From: Mark Millard <marklmi_at_yahoo.com>
Date: Tue, 05 Sep 2023 05:06:45 UTC
On Sep 4, 2023, at 18:39, Mark Millard <marklmi@yahoo.com> wrote:

> On Sep 4, 2023, at 10:05, Alexander Motin <mav@FreeBSD.org> wrote:
> 
>> On 04.09.2023 11:45, Mark Millard wrote:
>>> On Sep 4, 2023, at 06:09, Alexander Motin <mav@FreeBSD.org> wrote:
>>>> per_txg_dirty_frees_percent is directly related to the delete delays we see here.  You are forcing ZFS to commit transactions each 5% of dirty ARC limit, which is 5% of 10% or memory size.  I haven't looked on that code recently, but I guess setting it too low can make ZFS commit transactions too often, increasing write inflation for the underlying storage.  I would propose you to restore the default and try again.
>>> While this machine is different, the original problem was worse than
>>> the issue here: the load average was less than 1 for the most part
>>> the parallel bulk build when 30 was used.
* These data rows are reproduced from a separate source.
(* Let $K$ be any finite index subgroup of $F_2$, and suppose that $K$ contains an element of odd length. Then there is an $N$ such that for every $n\geq N$, $K$ contains an element of length $n$.
   Context: $F_2$ is the free group on $a,b$, $\Xi=\{a,b,a^{-1},b^{-1}\}$, and an element has length $n$ if its reduced word $x_1\cdots x_n$ ($x_i\in\Xi$, $x_{i+1}\neq x_i^{-1}$) has $n$ letters. *)

theory Defs
  imports "HOL-Algebra.Coset"
begin

text \<open>A letter is a pair (g, e) with g a generator and e = True meaning the inverse g^-1.
  So the alphabet Xi = {a, b, a^-1, b^-1} is the type gen \<times> bool.\<close>

datatype gen = Ga | Gb

type_synonym letter = "gen \<times> bool"

definition inv_letter :: "letter \<Rightarrow> letter" where
  "inv_letter x = (fst x, \<not> snd x)"

definition reduced :: "letter list \<Rightarrow> bool" where
  "reduced w \<longleftrightarrow> (\<forall>i. Suc i < length w \<longrightarrow> w ! Suc i \<noteq> inv_letter (w ! i))"

fun cons_red :: "letter \<Rightarrow> letter list \<Rightarrow> letter list" where
  "cons_red x [] = [x]"
| "cons_red x (y # ys) = (if y = inv_letter x then ys else x # y # ys)"

definition reduce :: "letter list \<Rightarrow> letter list" where
  "reduce w = foldr cons_red w []"

definition F2 :: "letter list monoid" where
  "F2 = \<lparr> carrier = {w. reduced w}, mult = (\<lambda>u v. reduce (u @ v)), one = [] \<rparr>"

definition word_length :: "letter list \<Rightarrow> nat" where
  "word_length w = length w"

end

theory Submission
  imports Defs
begin

text \<open>Let \<open>m\<close> be the index of \<open>K\<close>. By pigeonhole on the cosets \<open>K x\<^sup>i\<close>, \<open>0 \<le> i \<le> m\<close>,
  every element \<open>x\<close> has a power \<open>x\<^sup>k \<in> K\<close> with \<open>1 \<le> k \<le> m\<close>, so \<open>x\<^sup>D \<in> K\<close> for \<open>D = 2 m!\<close>.
  Applied to conjugates, this puts the reduced words \<open>b\<^sup>j a\<^sup>D b\<^sup>-\<^sup>j\<close> into \<open>K\<close>: they realise
  every even length \<open>\<ge> D\<close>. Multiplying an odd-length word \<open>w \<in> K\<close> on the right by such a
  word, with the sign of \<open>b\<close> chosen so that nothing cancels, realises every large odd length.\<close>

lemma inv_letter_inv_letter [simp]: "inv_letter (inv_letter x) = x"
  by (simp add: inv_letter_def)

lemma inv_letter_neq [simp]: "inv_letter x \<noteq> x" "x \<noteq> inv_letter x"
  by (auto simp: inv_letter_def prod_eq_iff)

lemma reduced_Nil [simp]: "reduced []"
  by (simp add: reduced_def)

lemma reduced_Cons:
  "reduced (x # xs) \<longleftrightarrow> reduced xs \<and> (xs = [] \<or> hd xs \<noteq> inv_letter x)"
  by (cases xs) (auto simp: reduced_def nth_Cons split: nat.splits)

lemma reduced_append:
  "reduced (u @ v) \<longleftrightarrow>
     reduced u \<and> reduced v \<and> (u = [] \<or> v = [] \<or> hd v \<noteq> inv_letter (last u))"
  by (induction u) (auto simp: reduced_Cons)

lemma reduced_replicate: "reduced (replicate n x)"
  by (induction n) (auto simp: reduced_Cons)

lemma reduced_cons_red: "reduced ys \<Longrightarrow> reduced (cons_red x ys)"
  by (cases ys) (auto simp: reduced_Cons)

lemma reduced_foldr_cons_red: "reduced z \<Longrightarrow> reduced (foldr cons_red w z)"
  by (induction w) (auto intro: reduced_cons_red)

lemma reduced_reduce: "reduced (reduce w)"
  unfolding reduce_def by (rule reduced_foldr_cons_red) simp

lemma reduce_reduced: "reduced w \<Longrightarrow> reduce w = w"
  unfolding reduce_def
proof (induction w)
  case (Cons x xs)
  then have "foldr cons_red xs [] = xs" by (simp add: reduced_Cons)
  with Cons.prems show ?case by (cases xs) (auto simp: reduced_Cons)
qed simp

lemma cons_red_inv_letter_cancel:
  assumes "reduced ys"
  shows "cons_red x (cons_red (inv_letter x) ys) = ys"
proof (cases ys)
  case (Cons y zs)
  with assms show ?thesis
    by (cases zs) (auto simp: reduced_Cons)
qed simp

lemma reduce_append: "reduce (u @ v) = foldr cons_red u (reduce v)"
  by (simp add: reduce_def)

lemma foldr_cons_red_reduce:
  "reduced z \<Longrightarrow> foldr cons_red (reduce w) z = foldr cons_red w z"
proof (induction w)
  case Nil
  then show ?case by (simp add: reduce_def)
next
  case (Cons x w)
  have reduce_Cons: "reduce (x # w) = cons_red x (reduce w)"
    by (simp add: reduce_def)
  show ?case
  proof (cases "reduce w")
    case (Cons y r)
    show ?thesis
    proof (cases "y = inv_letter x")
      case True
      have "reduced r"
        using reduced_reduce[of w] Cons by (simp add: reduced_Cons)
      have "foldr cons_red (x # w) z
          = cons_red x (cons_red (inv_letter x) (foldr cons_red r z))"
        using Cons.IH[OF Cons.prems] \<open>reduce w = y # r\<close> True by simp
      also have "\<dots> = foldr cons_red r z"
        by (rule cons_red_inv_letter_cancel[OF reduced_foldr_cons_red[OF Cons.prems]])
      finally show ?thesis
        using reduce_Cons \<open>reduce w = y # r\<close> True by simp
    qed (use reduce_Cons Cons.IH Cons.prems \<open>reduce w = y # r\<close> in simp)
  qed (use reduce_Cons Cons.IH Cons.prems in simp)
qed

lemma reduce_reduce_append: "reduce (reduce u @ v) = reduce (u @ v)"
  by (simp add: reduce_append foldr_cons_red_reduce reduced_reduce)

lemma reduce_append_reduce: "reduce (u @ reduce v) = reduce (u @ v)"
  by (simp add: reduce_append reduce_reduced reduced_reduce)

lemma reduce_inverse_append: "reduce (rev (map inv_letter u) @ u) = []"
proof (induction u)
  case (Cons x u)
  have "reduce (rev (map inv_letter (x # u)) @ x # u)
      = foldr cons_red (rev (map inv_letter u))
          (cons_red (inv_letter x) (cons_red x (reduce u)))"
    by (simp add: reduce_append reduce_def)
  also have "\<dots> = reduce (rev (map inv_letter u) @ u)"
    using cons_red_inv_letter_cancel[OF reduced_reduce, of "inv_letter x" u]
    by (simp add: reduce_append)
  finally show ?case
    using Cons.IH by simp
qed (simp add: reduce_def)

lemma F2_carrier: "carrier F2 = {w. reduced w}"
  and F2_mult: "u \<otimes>\<^bsub>F2\<^esub> v = reduce (u @ v)"
  and F2_one: "\<one>\<^bsub>F2\<^esub> = []"
  by (simp_all add: F2_def)

lemma F2_mult_reduced: "reduced (u @ v) \<Longrightarrow> u \<otimes>\<^bsub>F2\<^esub> v = u @ v"
  by (simp add: F2_mult reduce_reduced)

lemma group_F2: "group F2"
proof (rule groupI)
  fix x
  assume "x \<in> carrier F2"
  show "\<exists>y\<in>carrier F2. y \<otimes>\<^bsub>F2\<^esub> x = \<one>\<^bsub>F2\<^esub>"
    by (rule bexI[of _ "reduce (rev (map inv_letter x))"])
      (auto simp: F2_mult F2_one F2_carrier reduced_reduce reduce_reduce_append
        reduce_inverse_append)
next
  fix x y z
  show "x \<otimes>\<^bsub>F2\<^esub> y \<otimes>\<^bsub>F2\<^esub> z = x \<otimes>\<^bsub>F2\<^esub> (y \<otimes>\<^bsub>F2\<^esub> z)"
    by (simp add: F2_mult reduce_reduce_append reduce_append_reduce)
qed (auto simp: F2_mult F2_one F2_carrier reduced_reduce reduce_reduced)

interpretation F2: group F2
  by (rule group_F2)

lemma F2_inv:
  "x \<in> carrier F2 \<Longrightarrow> inv\<^bsub>F2\<^esub> x = reduce (rev (map inv_letter x))"
  by (rule F2.inv_equality)
    (auto simp: F2_mult F2_one F2_carrier reduced_reduce reduce_reduce_append
      reduce_inverse_append)

lemma F2_inv_replicate: "inv\<^bsub>F2\<^esub> (replicate n x) = replicate n (inv_letter x)"
  by (simp add: F2_inv F2_carrier reduced_replicate reduce_reduced)

lemma F2_nat_pow_letter: "[x] [^]\<^bsub>F2\<^esub> (n::nat) = replicate n x"
proof (induction n)
  case (Suc n)
  have "replicate n x @ [x] = replicate (Suc n) x"
    by (simp add: replicate_append_same)
  then have "replicate n x \<otimes>\<^bsub>F2\<^esub> [x] = replicate (Suc n) x"
    using F2_mult_reduced reduced_replicate by metis
  with Suc show ?case
    by simp
qed (simp add: F2_one)

lemma (in group) subgroup_nat_pow_closed:
  assumes "subgroup K G" "h \<in> K"
  shows "h [^] (n::nat) \<in> K"
proof (induction n)
  case 0
  show ?case
    using assms(1) by (simp add: subgroup.one_closed)
next
  case (Suc n)
  then show ?case
    using assms by (simp add: subgroup.m_closed)
qed

lemma (in group) conj_nat_pow:
  assumes "g \<in> carrier G" "x \<in> carrier G"
  shows "(g \<otimes> x \<otimes> inv g) [^] (n::nat) = g \<otimes> x [^] n \<otimes> inv g"
proof (induction n)
  case (Suc n)
  have "inv g \<otimes> (g \<otimes> y) = y" if "y \<in> carrier G" for y
    using assms that by (simp add: m_assoc [symmetric])
  with Suc assms show ?case
    by (simp add: m_assoc)
qed (use assms in simp)

lemma (in group) finite_index_nat_pow_mem:
  assumes K: "subgroup K G" and fin: "finite (rcosets K)" and x: "x \<in> carrier G"
  shows "\<exists>k. 0 < k \<and> k \<le> card (rcosets K) \<and> x [^] k \<in> K"
proof -
  define m where "m = card (rcosets K)"
  define f where "f i = K #> x [^] (i::nat)" for i
  have "f ` {0..m} \<subseteq> rcosets K"
    using subgroup.subset[OF K] x unfolding f_def by (auto intro: rcosetsI)
  then have "card (f ` {0..m}) < card {0..m}"
    using card_mono[OF fin] unfolding m_def by (simp add: le_imp_less_Suc)
  then have "\<not> inj_on f {0..m}"
    by (rule pigeonhole)
  then obtain i j where ij: "i \<in> {0..m}" "j \<in> {0..m}" "i \<noteq> j" "f i = f j"
    unfolding inj_on_def by blast
  have coset_eq: "x [^] (l - k) \<in> K" if "k < l" "f k = f l" for k l
  proof -
    have "x [^] l \<in> K #> x [^] k"
      using repr_independenceD[OF K] that x unfolding f_def by simp
    then have "x [^] l \<otimes> inv (x [^] k) \<in> K"
      using subgroup.rcos_module_imp[OF K is_group] x by simp
    moreover have "x [^] l = x [^] (l - k) \<otimes> x [^] k"
      using nat_pow_mult[OF x, of "l - k" k] that by simp
    ultimately show ?thesis
      using x by (simp add: m_assoc)
  qed
  show ?thesis
  proof (cases "i < j")
    case True
    then show ?thesis
      using ij coset_eq[of i j] unfolding m_def by (intro exI[of _ "j - i"]) auto
  next
    case False
    then show ?thesis
      using ij coset_eq[of j i] unfolding m_def by (intro exI[of _ "i - j"]) auto
  qed
qed

lemma (in group) finite_index_nat_pow_fact_dvd_mem:
  assumes K: "subgroup K G" and fin: "finite (rcosets K)" and x: "x \<in> carrier G"
    and n: "fact (card (rcosets K)) dvd n"
  shows "x [^] (n::nat) \<in> K"
proof -
  obtain k where k: "0 < k" "k \<le> card (rcosets K)" "x [^] k \<in> K"
    using finite_index_nat_pow_mem[OF K fin x] by blast
  have "k dvd n"
    using dvd_fact[of k "card (rcosets K)"] k n by (auto intro: dvd_trans)
  then obtain q where "n = k * q" ..
  then show ?thesis
    using subgroup_nat_pow_closed[OF K k(3), of q] x by (simp add: nat_pow_pow)
qed

lemma (in group) finite_index_conj_nat_pow_mem:
  assumes K: "subgroup K G" and fin: "finite (rcosets K)"
    and g: "g \<in> carrier G" and x: "x \<in> carrier G"
    and n: "fact (card (rcosets K)) dvd n"
  shows "g \<otimes> x [^] (n::nat) \<otimes> inv g \<in> K"
  using finite_index_nat_pow_fact_dvd_mem[OF K fin _ n, of "g \<otimes> x \<otimes> inv g"] g x
  by (simp add: conj_nat_pow)

definition conj_pow_word :: "letter \<Rightarrow> nat \<Rightarrow> letter \<Rightarrow> nat \<Rightarrow> letter list" where
  "conj_pow_word y j x D = replicate j y @ replicate D x @ replicate j (inv_letter y)"

lemma length_conj_pow_word: "length (conj_pow_word y j x D) = D + 2 * j"
  by (simp add: conj_pow_word_def)

lemma hd_conj_pow_word: "0 < j \<Longrightarrow> hd (conj_pow_word y j x D) = y"
  by (cases j) (simp_all add: conj_pow_word_def)

lemma reduced_conj_pow_word:
  assumes "fst x \<noteq> fst y" "0 < D"
  shows "reduced (conj_pow_word y j x D)"
  using assms
  by (cases "j = 0")
    (auto simp: conj_pow_word_def reduced_append reduced_replicate inv_letter_def prod_eq_iff)

lemma conj_pow_word_eq_conj:
  assumes "fst x \<noteq> fst y" "0 < D"
  shows "conj_pow_word y j x D
    = replicate j y \<otimes>\<^bsub>F2\<^esub> [x] [^]\<^bsub>F2\<^esub> D \<otimes>\<^bsub>F2\<^esub> inv\<^bsub>F2\<^esub> (replicate j y)"
proof -
  have "reduced ((replicate j y @ replicate D x) @ replicate j (inv_letter y))"
    using reduced_conj_pow_word[OF assms] by (simp add: conj_pow_word_def)
  then show ?thesis
    by (simp add: conj_pow_word_def F2_nat_pow_letter F2_inv_replicate F2_mult_reduced
        reduced_append del: append_assoc)
qed

lemma conj_pow_word_mem:
  assumes K: "subgroup K F2" and fin: "finite (rcosets\<^bsub>F2\<^esub> K)"
    and D: "fact (card (rcosets\<^bsub>F2\<^esub> K)) dvd D" "0 < D" and xy: "fst x \<noteq> fst y"
  shows "conj_pow_word y j x D \<in> K"
  using F2.finite_index_conj_nat_pow_mem[OF K fin _ _ D(1), of "replicate j y" "[x]"]
  by (simp add: conj_pow_word_eq_conj[OF xy D(2)] F2_carrier reduced_replicate reduced_Cons)

lemma append_conj_pow_word_mem:
  assumes K: "subgroup K F2" and fin: "finite (rcosets\<^bsub>F2\<^esub> K)"
    and D: "fact (card (rcosets\<^bsub>F2\<^esub> K)) dvd D" "0 < D" and x: "fst x \<noteq> g"
    and w: "w \<in> K" "w \<noteq> []" and j: "0 < j"
  shows "w @ conj_pow_word (g, snd (last w)) j x D \<in> K"
proof -
  let ?c = "conj_pow_word (g, snd (last w)) j x D"
  have "reduced w"
    using w(1) subgroup.subset[OF K] by (auto simp: F2_carrier)
  moreover have "reduced ?c"
    using reduced_conj_pow_word x D(2) by simp
  moreover have "hd ?c \<noteq> inv_letter (last w)"
    using hd_conj_pow_word[OF j] by (simp add: inv_letter_def prod_eq_iff)
  ultimately have "w \<otimes>\<^bsub>F2\<^esub> ?c = w @ ?c"
    by (simp add: F2_mult_reduced reduced_append)
  moreover have "w \<otimes>\<^bsub>F2\<^esub> ?c \<in> K"
    using subgroup.m_closed[OF K w(1) conj_pow_word_mem[OF K fin D]] x by simp
  ultimately show ?thesis
    by simp
qed

theorem lemma5p6:
  fixes K :: "letter list set"
  assumes "subgroup K F2"
    and "finite (rcosets\<^bsub>F2\<^esub> K)"
    and "\<exists>w\<in>K. odd (word_length w)"
  shows "\<exists>N. \<forall>n\<ge>N. \<exists>w\<in>K. word_length w = n"
proof -
  obtain w where w: "w \<in> K" "odd (length w)"
    using assms(3) by (auto simp: word_length_def)
  define D :: nat where "D = 2 * fact (card (rcosets\<^bsub>F2\<^esub> K))"
  have D: "fact (card (rcosets\<^bsub>F2\<^esub> K)) dvd D" "0 < D" "even D"
    by (simp_all add: D_def)
  let ?a = "(Ga, False)"
  have "\<exists>u\<in>K. length u = n" if n: "length w + D + 2 \<le> n" for n
  proof (cases "even n")
    case True
    let ?j = "(n - D) div 2"
    have "conj_pow_word (Gb, False) ?j ?a D \<in> K"
      using conj_pow_word_mem[OF assms(1,2) D(1,2)] by simp
    moreover have "length (conj_pow_word (Gb, False) ?j ?a D) = n"
      using True D(3) n by (auto simp: length_conj_pow_word elim!: evenE)
    ultimately show ?thesis ..
  next
    case False
    let ?j = "(n - length w - D) div 2"
    have "0 < ?j" "w \<noteq> []"
      using n w(2) by auto
    then have "w @ conj_pow_word (Gb, snd (last w)) ?j ?a D \<in> K"
      using append_conj_pow_word_mem[OF assms(1,2) D(1,2) _ w(1)] by simp
    moreover have "length (w @ conj_pow_word (Gb, snd (last w)) ?j ?a D) = n"
      using False D(3) n w(2) by (auto simp: length_conj_pow_word elim!: evenE oddE)
    ultimately show ?thesis ..
  qed
  then show ?thesis
    by (auto simp: word_length_def)
qed

end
The fraction of time waiting
>>> was much longer than with 5. If I understand right, both too high and
>>> too low for a type of context can lead to increased elapsed time and
>>> getting it set to a near optimal is a non-obvious exploration.
>> 
>> IIRC this limit was modified several times since originally implemented.  May be it could benefit from another look, if default 30% is not good.  It would be good if generic ZFS issues like this were reported to OpenZFS upstream to be visible to a wider public.  Unfortunately I have several other project I must work on, so if it is not a regression I can't promise I'll take it right now, so anybody else is welcome.
> 
> As I understand, there are contexts were 5 is inappropriate
> and 30 works fairly well: no good single answer as to what
> value range will avoid problems.
> 
>>> An overall point for the goal of my activity is: what makes a
>>> good test context for checking if ZFS is again safe to use?
>>> May be other tradeoffs make, say, 4 hardware threads more
>>> reasonable than 32.
>> 
>> Thank you for your testing.  The best test is one that nobody else run. It also correlates with the topic of "safe to use", which also depends on what it is used for. :)
> 
> Looks like use of a M.2 Samsung SSD 960 PRO 1TB with a
> non-debug FreeBSD build is suitable for the bulk -a -J128
> test (no ALLOW_MAKE_JOBS variants enabled, USE_TMPFS=no in
> use) on the 32 hardware thread system. (The swap partition
> in use is from the normal environment's PCIe Optane media.)
> The %idle and the load averages and %user stayed reasonable
> in a preliminary test. One thing it does introduce is trim
> management (both available and potentially useful). (Optane
> media does not support or need it.) No
> per_txg_dirty_frees_percent adjustment involved (still 5).
> 
> I've learned to not use ^T for fear of /bin/sh aborting
> and messing up poudriere's context. So I now monitor with:
> 
> # poudriere status -b
> 
> in a separate ssh session.
> 
> I'll note that I doubt I'd try for a complete bulk -a .
> I'd probably stop it if I notice that the number of
> active builders drops off for a notable time (normal
> waiting for prerequisites appearing to be why).
> 
> 

So much for that idea. It has reached a state of staying
under 3500 w/s and up to 4.5ms/w (normally above 2ms/w).
%busy wondering in the range 85% to 101%. Lots of top
showing tx->tx. There is some read and other activity as
well. Of course the kBps figures are larger than the
earlier USB3 context (larger kB figures).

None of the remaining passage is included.